Since 1983, Daisaku Ikeda has published an annual peace proposal in which he surveys core global challenges and proposes steps to address them. These have explored a wide variety of issues—from peacebuilding and nuclear disarmament to sustainable development, education for global citizenship and youth empowerment to human rights and gender inequality. Central to Ikeda’s perspective here is the importance of the United Nations and how it can be strengthened to effectively nurture peace and social justice.
In A Forum for Peace: Daisaku Ikeda’s Proposals to the UN, Olivier Urbain brings together excerpts from the proposals up to 2013. These are usefully arranged by theme and organized into chapters, each of which looks at an aspect of the general mandate of the UN.
Chapter 1, “A UN Living Up to Its Mission,” for example, includes the theme “A Parliament of Humanity,” exploring Ikeda’s ideas regarding the role and mission of the UN. Other themes examine his thoughts on such issues as enhancing the participation of civil society and structural reforms to bolster the UN’s capacity for peacebuilding.
The second chapter explores themes such as poverty and human development, human rights and a culture of peace. Themes in Chapter 3, “A UN for a World Without War,” are related to various aspects of disarmament and weapons control. Also included in the volume are the full texts of three separate proposals specifically exploring UN reform, Education for Sustainable Development and Nuclear Weapons Abolition, respectively.
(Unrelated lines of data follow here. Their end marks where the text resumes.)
(* Let $k\ge4$. For each $p\in\mathbb N_0(k)$, the Hammerstein equation $\int_0^1K_p(t,u;k)f^k(u)\,du=f(t)$, $t\in[0,1]$, has at least two distinct positive solutions $f\in C[0,1]$.
   Context: For integers $k\ge2$, $n\ge1$ and $x\in\mathbb R$: $P_{n,k}(x)=\left(1+\frac{x^{n-1}}{2}\right)^{k+1}-\left(1-\frac{x^{n-1}}{2}\right)^{k+1}$, and for $n>k$: $Q_{n,k}(x)=(k+1)x^{n-k}$. Fix an integer $k$ and, for each integer $n>k$, an arbitrary $\xi(k;n)\in(0,1)$ with $P_{n,k}(\xi(k;n))=Q_{n,k}(\xi(k;n))$. Let $\alpha=\limsup_{n\to\infty}\xi(k;n)^{n-1}$ and let $(n_p)_{p\in\mathbb N}$ be a strictly increasing sequence of integers $>k$ with $\xi(k;n_p)^{n_p-1}\to\alpha$. For $n>k$ put $$C_n(k)=\frac{\xi(k;n)^{3n-k-2}}{\frac{1}{k+2}\left[\left(1+\frac{\xi(k;n)^{n-1}}{2}\right)^{k+2}-\left(1-\frac{\xi(k;n)^{n-1}}{2}\right)^{k+2}\right]-\xi(k;n)^{n-k}},$$ $\gamma_p(k)=C_{n_p}(k)$, $\mathbb N_0(k)=\{p\in\mathbb N: |\gamma_p(k)|<4\}$, and for $p\in\mathbb N_0(k)$, $K_p(t,u;k)=1+\gamma_p(k)\left(t-\frac12\right)\left(u-\frac12\right)$, $t,u\in[0,1]$ (a strictly positive continuous kernel). *)

theory Defs
  imports "HOL-Analysis.Analysis"
begin

definition P_poly :: "nat \<Rightarrow> nat \<Rightarrow> real \<Rightarrow> real" where
  "P_poly n k x = (1 + x ^ (n - 1) / 2) ^ (k + 1) - (1 - x ^ (n - 1) / 2) ^ (k + 1)"

definition Q_poly :: "nat \<Rightarrow> nat \<Rightarrow> real \<Rightarrow> real" where
  "Q_poly n k x = real (k + 1) * x ^ (n - k)"

text \<open>alpha = limsup of xi(k;n)^(n-1); xi is the chosen root function for fixed k.\<close>
definition alpha_lim :: "(nat \<Rightarrow> real) \<Rightarrow> real" where
  "alpha_lim xi = real_of_ereal (limsup (\<lambda>n. ereal (xi n ^ (n - 1))))"

definition C_const :: "nat \<Rightarrow> (nat \<Rightarrow> real) \<Rightarrow> nat \<Rightarrow> real" where
  "C_const k xi n =
     xi n ^ (3 * n - k - 2) /
     ((1 / real (k + 2)) * ((1 + xi n ^ (n - 1) / 2) ^ (k + 2) - (1 - xi n ^ (n - 1) / 2) ^ (k + 2))
       - xi n ^ (n - k))"

definition gamma_seq :: "nat \<Rightarrow> (nat \<Rightarrow> real) \<Rightarrow> (nat \<Rightarrow> nat) \<Rightarrow> nat \<Rightarrow> real" where
  "gamma_seq k xi np p = C_const k xi (np p)"

definition N0 :: "nat \<Rightarrow> (nat \<Rightarrow> real) \<Rightarrow> (nat \<Rightarrow> nat) \<Rightarrow> nat set" where
  "N0 k xi np = {p. \<bar>gamma_seq k xi np p\<bar> < 4}"

definition kernel :: "nat \<Rightarrow> (nat \<Rightarrow> real) \<Rightarrow> (nat \<Rightarrow> nat) \<Rightarrow> nat \<Rightarrow> real \<Rightarrow> real \<Rightarrow> real" where
  "kernel k xi np p t u = 1 + gamma_seq k xi np p * (t - 1/2) * (u - 1/2)"

end

theory Submission
  imports Defs
begin

(* The Hammerstein operator with kernel K(t,u) = 1 + c (t - 1/2)(u - 1/2) on [0,1] has rank
   two: (Hf)(t) = M0(f) + c (t - 1/2) M1(f), with the moments M0(f) = int f and
   M1(f) = int (u - 1/2) f(u) du.  Hence every solution of H(f^k) = f is affine, and
   solutions can be searched for among affine functions.  The constant 1 is always a fixed point (M0 = 1, M1 = 0), and
   g(u) = x (1 + y (u - 1/2)) is one exactly when the two moments of g^k match, which
   reduces to two scalar identities in terms of the "power gap"
   G_m(y) = ((1 + y/2)^m - (1 - y/2)^m) / m.
   For the data of the theorem, x = xi(k;n) and y = x^(n-1): the root equation P = Q says
   G_(k+1)(y) = x^(n-k), which is the first identity; the denominator of C_n(k) is
   G_(k+2)(y) - G_(k+1)(y), which is positive since G_(k+2) - G_(k+1) is increasing in y,
   and the definition of gamma_p(k) is then exactly the second identity. *)

(* The power gap G_m(y); it is (1/y) times the integral over [0,1] of (1 + y(u - 1/2))^(m-1). *)
definition power_gap :: "nat \<Rightarrow> real \<Rightarrow> real" where
  "power_gap m y = ((1 + y/2) ^ m - (1 - y/2) ^ m) / real m"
It is the structure of the content that makes this book especially valuable. Ikeda’s Peace Proposals can be considered a vital and unique component of his vast output. The organization of the material here, very clearly laid out in the table of contents, enables one to quickly identify and examine over a hundred themes and ideas from his proposals. This alone makes the work an essential resource for anyone interested in Ikeda as a peacebuilder. This substantial volume likewise helps to outline the magnitude of Ikeda’s contributions to peacebuilding—the extent to which he has grappled with the structural as well as philosophical problems of peace.
This is echoed in the foreword by Ambassador Anwarul K. Chowdhury, Under-Secretary-General and High Representative of the UN between 2002 and 2007, who writes, with respect to Ikeda’s engagement with the UN, “I know of no one who has highlighted the role and responsibility of the world body so consistently, relentlessly and substantively for such a long period of time. Some UN functionaries and scholars have addressed similar issues, but none for as long and consistently as he has done.” A Forum for Peace substantiates such a claim.
Olivier Urbain, editor of this book, was director of the Toda Institute for Global Policy Research from 2008 to 2017. Presently he is director of the Min-On Music Research Institute. He is the author of Daisaku Ikeda’s Philosophy of Peace: Dialogue, Transformation and Global Citizenship (2010), and the editor of Music and Conflict transformation: Harmonies and Dissonances in Geopolitics (2008) and of Daisaku Ikeda and Dialogue for Peace (2013).